Congress’s two tax-writing committees, the House Ways and Means Committee and the Senate Finance Committee, held a joint hearing Thursday to discuss capital gains taxes and how they might be reformed.
Currently capital gains are taxed at a maximum of 15 percent, compared to the top rate of 35 percent on ordinary income. Senate Finance Committee chairman Max Baucus, D-Mont., said the process of reforming the nation’s tax system must include a comprehensive review of the rates on capital gains to find a level that sparks broad-based growth, creates jobs and strengthens the economy.
He added that the reform process needs to consider the capital gains rate in conjunction with those on individual wage income, corporate income and dividends.
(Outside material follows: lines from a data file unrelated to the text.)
lemma smooth_convex_lower_bound_local:
  fixes f :: "'a::real_inner \<Rightarrow> real"
  assumes U: "convex U" and fc: "convex_on U f" and z: "z \<in> U" and w: "w \<in> U"
    and grad: "\<And>y. y \<in> U \<Longrightarrow> (f has_derivative (\<lambda>h. G y \<bullet> h)) (at y)"
    and lip: "L-lipschitz_on U G" and L: "L > 0"
    and ball: "cball z (norm (z - w)) \<subseteq> U"
  shows "f w + G w \<bullet> (z - w) + (norm (G z - G w))\<^sup>2 / (2 * L) \<le> f z"
proof -
  define \<Delta> where "\<Delta> = G z - G w"
  define v where "v = z - (1 / L) *\<^sub>R \<Delta>"
  have "norm \<Delta> \<le> L * norm (z - w)"
    unfolding \<Delta>_def by (rule lipschitz_on_normD[OF lip z w])
  with L have "v \<in> U"
    using ball by (auto simp: v_def dist_norm field_simps)
  have "f w + G w \<bullet> (v - w) \<le> f v"
    by (rule convex_on_gradient_inequality[OF fc w \<open>v \<in> U\<close> grad[OF w]])
  also have "\<dots> \<le> f z + G z \<bullet> (v - z) + L / 2 * (norm (v - z))\<^sup>2"
    by (rule lipschitz_gradient_quadratic_upper_bound[OF U z \<open>v \<in> U\<close> grad lip])
  finally have "f w + G w \<bullet> (v - w) - G z \<bullet> (v - z) - L / 2 * (norm (v - z))\<^sup>2 \<le> f z"
    by simp
  moreover have "G w \<bullet> (v - w) - G z \<bullet> (v - z) = G w \<bullet> (z - w) + (G z - G w) \<bullet> \<Delta> / L"
    by (simp add: v_def inner_diff_right inner_diff_left algebra_simps diff_divide_distrib)
  moreover have "(G z - G w) \<bullet> \<Delta> / L = (norm \<Delta>)\<^sup>2 / L"
    by (simp add: \<Delta>_def power2_norm_eq_inner)
  moreover have "L / 2 * (norm (v - z))\<^sup>2 = (norm \<Delta>)\<^sup>2 / (2 * L)"
    using L by (simp add: v_def power_divide power2_eq_square)
  moreover have "(norm \<Delta>)\<^sup>2 / L - (norm \<Delta>)\<^sup>2 / (2 * L) = (norm \<Delta>)\<^sup>2 / (2 * L)"
    by (simp add: field_simps)
  ultimately have "f w + G w \<bullet> (z - w) + (norm \<Delta>)\<^sup>2 / (2 * L) \<le> f z"
    by linarith
  then show ?thesis by (simp add: \<Delta>_def)
qed

lemma lipschitz_gradient_cocoercive_local:
  fixes f :: "'a::real_inner \<Rightarrow> real"
  assumes U: "convex U" and fc: "convex_on U f" and z: "z \<in> U" and w: "w \<in> U"
    and grad: "\<And>y. y \<in> U \<Longrightarrow> (f has_derivative (\<lambda>h. G y \<bullet> h)) (at y)"
    and lip: "L-lipschitz_on U G" and L: "L > 0"
    and ball_z: "cball z (norm (z - w)) \<subseteq> U" and ball_w: "cball w (norm (z - w)) \<subseteq> U"
  shows "(norm (G z - G w))\<^sup>2 / L \<le> (G z - G w) \<bullet> (z - w)"
proof -
  have "f w + G w \<bullet> (z - w) + (norm (G z - G w))\<^sup>2 / (2 * L) \<le> f z"
    by (rule smooth_convex_lower_bound_local[OF U fc z w grad lip L ball_z])
  moreover have "f z + G z \<bullet> (w - z) + (norm (G w - G z))\<^sup>2 / (2 * L) \<le> f w"
    using smooth_convex_lower_bound_local[OF U fc w z grad lip L] ball_w by (simp add: norm_minus_commute)
  ultimately show ?thesis
    by (simp add: norm_minus_commute inner_diff_left inner_diff_right field_simps)
qed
Baucus also noted that many high-income earners have a lower effective tax rate than middle class families, because the capital gains tax rates are lower than those on wages.
“Our entire tax code—including its treatment of capital gains—needs to be rebuilt for the 21st century economy. We need a system focused on broad-based economic growth and jobs,” Baucus said. “In order to get tax reform done, we’ll need members of both parties and both chambers willing to tackle the tough issues.”
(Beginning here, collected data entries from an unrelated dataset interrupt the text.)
(* There is an absolute constant $A \geq 1$ such that the following holds. Let $L = \{(ay+b,y,\tfrac{1}{2}by+c) : y \in \mathbb{R}\}$ with $a,b,c \in \mathbb{R}$ be a horizontal line, and define $i_{L}(x,y,t) := (ay+b,y,\tfrac{1}{2}by+c)$. Then $$d((x,y,t),i_{L}(x,y,t)) \leq A(1+|a|)\operatorname{dist}((x,y,t),L), \qquad (x,y,t) \in \mathbb{H}.$$
   Context: $\mathbb{H}$ is $\mathbb{R}^{3}$ with group law $(x_{1},y_{1},t_{1}) \cdot (x_{2},y_{2},t_{2}) = (x_{1}+x_{2},y_{1}+y_{2},t_{1}+t_{2}+\tfrac{1}{2}(x_{1}y_{2}-x_{2}y_{1}))$ and metric $d(p,q) = \|q^{-1}\cdot p\|$ with $\|(x,y,t)\| = \max\{\sqrt{x^{2}+y^{2}},\sqrt{|t|}\}$; $\operatorname{dist}$ is w.r.t. $d$. *)

theory Defs
  imports "HOL-Analysis.Analysis"
begin

type_synonym heis = "real \<times> real \<times> real"

definition heis_mult :: "heis \<Rightarrow> heis \<Rightarrow> heis" where
  "heis_mult p q = (case p of (x1,y1,t1) \<Rightarrow> case q of (x2,y2,t2) \<Rightarrow>
     (x1+x2, y1+y2, t1+t2 + (1/2)*(x1*y2 - x2*y1)))"

definition heis_inv :: "heis \<Rightarrow> heis" where
  "heis_inv p = (case p of (x,y,t) \<Rightarrow> (-x,-y,-t))"

definition heis_norm :: "heis \<Rightarrow> real" where
  "heis_norm p = (case p of (x,y,t) \<Rightarrow> max (sqrt (x^2+y^2)) (sqrt \<bar>t\<bar>))"

definition heis_d :: "heis \<Rightarrow> heis \<Rightarrow> real" where
  "heis_d p q = heis_norm (heis_mult (heis_inv q) p)"

definition heis_dist_set :: "heis \<Rightarrow> heis set \<Rightarrow> real" where
  "heis_dist_set p S = Inf (heis_d p ` S)"

definition hline :: "real \<Rightarrow> real \<Rightarrow> real \<Rightarrow> heis set" where
  "hline a b c = {(a*y+b, y, (1/2)*b*y + c) | y. True}"

definition iL :: "real \<Rightarrow> real \<Rightarrow> real \<Rightarrow> heis \<Rightarrow> heis" where
  "iL a b c p = (case p of (x,y,t) \<Rightarrow> (a*y+b, y, (1/2)*b*y + c))"

end

(* The constant A = 2 works. By Cauchy-Schwarz applied to the area term of the group law,
   the gauge is subadditive, so d satisfies the triangle inequality. If q_w is the point of L
   with y-coordinate w, then i_L(p) = q_y for p = (x, y, t), and q_y^-1 q_w = (a(w - y), w - y, 0)
   is horizontal, so d(q_w, q_y) = sqrt (1 + a^2) |w - y| <= (1 + |a|) d(p, q_w), the
   y-coordinate being 1-Lipschitz. The triangle inequality through q_w then gives
   d(p, i_L(p)) <= (2 + |a|) d(p, q_w) <= 2 (1 + |a|) d(p, q_w). *)
theory Submission
  imports Defs
begin

lemma heis_mult_assoc: "heis_mult (heis_mult p q) r = heis_mult p (heis_mult q r)"
  by (cases p; cases q; cases r) (simp add: heis_mult_def field_simps)

lemma heis_mult_inv_right: "heis_mult p (heis_inv p) = (0, 0, 0)"
  by (cases p) (simp add: heis_mult_def heis_inv_def)

lemma heis_mult_zero_left: "heis_mult (0, 0, 0) p = p"
  by (cases p) (simp add: heis_mult_def)

lemma heis_norm_nonneg: "0 \<le> heis_norm p"
  by (cases p) (simp add: heis_norm_def le_max_iff_disj)

lemma heis_norm_mult_le: "heis_norm (heis_mult p q) \<le> heis_norm p + heis_norm q"
proof -
  obtain x1 y1 t1 x2 y2 t2 where pq: "p = (x1, y1, t1)" "q = (x2, y2, t2)"
    by (cases p; cases q) auto
  define N1 N2 where "N1 = heis_norm p" and "N2 = heis_norm q"
  have z1: "sqrt (x1\<^sup>2 + y1\<^sup>2) \<le> N1" and t1: "sqrt \<bar>t1\<bar> \<le> N1"
    and z2: "sqrt (x2\<^sup>2 + y2\<^sup>2) \<le> N2" and t2: "sqrt \<bar>t2\<bar> \<le> N2"
    by (simp_all add: N1_def N2_def pq heis_norm_def)
  have N: "0 \<le> N1" "0 \<le> N2"
    using heis_norm_nonneg by (simp_all add: N1_def N2_def)
  have horizontal: "sqrt ((x1 + x2)\<^sup>2 + (y1 + y2)\<^sup>2) \<le> N1 + N2"
    using real_sqrt_sum_squares_triangle_ineq[of x1 x2 y1 y2] z1 z2 by linarith
  have "\<bar>x1 * y2 - x2 * y1\<bar> \<le> sqrt (x1\<^sup>2 + y1\<^sup>2) * sqrt (x2\<^sup>2 + y2\<^sup>2)"
    using Cauchy_Schwarz_ineq2[of "(x1, y1)" "(y2, - x2)"]
    by (simp add: inner_Pair norm_Pair algebra_simps power2_eq_square)
  also have "\<dots> \<le> N1 * N2"
    using z1 z2 N by (intro mult_mono) auto
  finally have area: "\<bar>x1 * y2 - x2 * y1\<bar> \<le> N1 * N2" .
  have "\<bar>t1\<bar> \<le> N1\<^sup>2" "\<bar>t2\<bar> \<le> N2\<^sup>2"
    using t1 t2 by (simp_all add: real_sqrt_le_iff sqrt_le_D)
  then have "\<bar>t1 + t2 + 1/2 * (x1 * y2 - x2 * y1)\<bar> \<le> (N1 + N2)\<^sup>2"
    using area N by (simp add: power2_eq_square algebra_simps abs_le_iff)
  then have vertical: "sqrt \<bar>t1 + t2 + 1/2 * (x1 * y2 - x2 * y1)\<bar> \<le> N1 + N2"
    using N by (simp add: real_sqrt_le_iff real_le_lsqrt)
  show ?thesis
    using horizontal vertical by (simp add: pq heis_mult_def heis_norm_def N1_def N2_def)
qed

lemma heis_d_triangle: "heis_d p r \<le> heis_d p q + heis_d q r"
proof -
  have "heis_mult (heis_mult (heis_inv r) q) (heis_mult (heis_inv q) p)
      = heis_mult (heis_inv r) (heis_mult (heis_mult q (heis_inv q)) p)"
    by (simp add: heis_mult_assoc)
  also have "\<dots> = heis_mult (heis_inv r) p"
    by (simp add: heis_mult_inv_right heis_mult_zero_left)
  finally show ?thesis
    unfolding heis_d_def by (metis add.commute heis_norm_mult_le)
qed

lemma le_heis_dist_set:
  assumes "S \<noteq> {}" and "0 < k" and "\<And>q. q \<in> S \<Longrightarrow> r \<le> k * heis_d p q"
  shows "r \<le> k * heis_dist_set p S"
proof -
  have "r / k \<le> Inf (heis_d p ` S)"
    using assms by (intro cInf_greatest) (auto simp: divide_le_eq mult.commute)
  then show ?thesis
    using \<open>0 < k\<close> by (simp add: heis_dist_set_def divide_le_eq mult.commute)
qed

lemma abs_diff_snd_le_heis_d: "\<bar>y - w\<bar> \<le> heis_d (x, y, t) (u, w, s)"
proof -
  have "\<bar>y - w\<bar> \<le> sqrt ((x - u)\<^sup>2 + (y - w)\<^sup>2)"
    by (simp add: real_le_rsqrt)
  then show ?thesis
    by (simp add: heis_d_def heis_mult_def heis_inv_def heis_norm_def le_max_iff_disj)
qed

lemma heis_d_hline_points:
  "heis_d (a*w + b, w, 1/2*b*w + c) (a*y + b, y, 1/2*b*y + c) = \<bar>w - y\<bar> * sqrt (1 + a\<^sup>2)"
proof -
  have "heis_mult (heis_inv (a*y + b, y, 1/2*b*y + c)) (a*w + b, w, 1/2*b*w + c)
      = (a * (w - y), w - y, 0)"
    by (simp add: heis_mult_def heis_inv_def field_simps)
  moreover have "(a * (w - y))\<^sup>2 + (w - y)\<^sup>2 = (w - y)\<^sup>2 * (1 + a\<^sup>2)"
    by (simp add: power2_eq_square algebra_simps)
  ultimately show ?thesis
    by (simp add: heis_d_def heis_norm_def real_sqrt_mult)
qed

lemma heis_d_iL_le_heis_d_hline:
  assumes "q \<in> hline a b c"
  shows "heis_d p (iL a b c p) \<le> 2 * (1 + \<bar>a\<bar>) * heis_d p q"
proof -
  obtain x y t where p: "p = (x, y, t)"
    by (cases p) auto
  obtain w where q: "q = (a*w + b, w, 1/2*b*w + c)"
    using assms by (auto simp: hline_def)
  have iL: "iL a b c p = (a*y + b, y, 1/2*b*y + c)"
    by (simp add: iL_def p)
  have "sqrt (1 + a\<^sup>2) \<le> 1 + \<bar>a\<bar>"
    using sqrt_add_le_add_sqrt[of 1 "a\<^sup>2"] by simp
  moreover have "\<bar>w - y\<bar> \<le> heis_d p q"
    using abs_diff_snd_le_heis_d[of y w x t] by (simp add: p q abs_minus_commute)
  ultimately have "heis_d q (iL a b c p) \<le> heis_d p q * (1 + \<bar>a\<bar>)"
    unfolding iL q heis_d_hline_points by (intro mult_mono) auto
  then have "heis_d p (iL a b c p) \<le> heis_d p q + heis_d p q * (1 + \<bar>a\<bar>)"
    using heis_d_triangle[of p "iL a b c p" q] by linarith
  moreover have "0 \<le> heis_d p q * \<bar>a\<bar>"
    by (simp add: heis_d_def heis_norm_nonneg)
  ultimately show ?thesis
    by (simp add: algebra_simps)
qed

theorem lemma4p12:
  shows "\<exists>A::real. A \<ge> 1 \<and> (\<forall>a b c x y t::real.
     heis_d (x,y,t) (iL a b c (x,y,t)) \<le> A * (1 + \<bar>a\<bar>) * heis_dist_set (x,y,t) (hline a b c))"
proof (intro exI[of _ 2] conjI allI)
  fix a b c x y t :: real
  have "hline a b c \<noteq> {}"
    by (auto simp: hline_def)
  then show "heis_d (x,y,t) (iL a b c (x,y,t)) \<le> 2 * (1 + \<bar>a\<bar>) * heis_dist_set (x,y,t) (hline a b c)"
    by (rule le_heis_dist_set[OF _ _ heis_d_iL_le_heis_d_hline]) (auto simp: add_pos_nonneg)
qed simp

end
At Thursday’s hearing, Baucus questioned whether it is feasible to lower wage income tax rates substantially without an increase in the capital gains rate to maintain revenue. He also noted the fact that capital gains taxes are a major driver of the tax code’s complexity. Experts say about half the code—more than 20,000 pages— exists solely to address capital gains. Baucus said because of that complexity, and because the capital gains rate is lower than the standard income tax rate, many people try to skirt their tax responsibilities and game the system.
“The taxation of capital gains is one of the most widely discussed areas of our individual tax system, and it needs to be reviewed as part of comprehensive tax reform,” said Ways and Means chairman Dave Camp, R-Mich., in a statement. “With both the Ways and Means Committee and the Senate Finance Committee actively pursuing tax reform, it will be critical for Congress’s two tax-writing panels to continue working closely together.”
Rep. Kenny Marchant, R-Texas, noted, "The investors I've talked to, at 15 percent, they do not spend any time or money on tax avoidance, but they say there is a rate at which they will avoid the tax."
"Everyone wants reform as long as it doesn't affect them," said Rep. Charles Rangel, D-N.Y.
Leonard Burman of Syracuse University testified that capital gains ought to be treated much like ordinary income. “How should capital gains be taxed?” he said in his prepared testimony. “Under an income tax, the answer is that capital gains should be taxed in full as they are earned, not when realized. Capital gains are income, not really different in substance from interest, rents, and royalties: other kinds of capital income that are taxed as ordinary income. Under the pure comprehensive income tax, corporate income would be allocated to shareholders and taxed as ordinary income, in the same way that S-corporations and partnerships are taxed.
"Obviously we don't tax capital gains or corporations that way," Burman added. "Capital gains are taxed only when realized, and gains on assets held for at least a year are generally taxed at a lower rate than other income. Capital gains on assets held until death or donated to charity, however, are never subject to income tax. And corporations are subject to a separate tax that is not integrated with the individual income tax. The consequence is that some corporate income may be subject to two layers of tax: the corporate income tax plus the individual income tax on capital gains and dividends.” Burman recommended that Congress should look into the legislation on 1031 exchanges to stop them from being misused.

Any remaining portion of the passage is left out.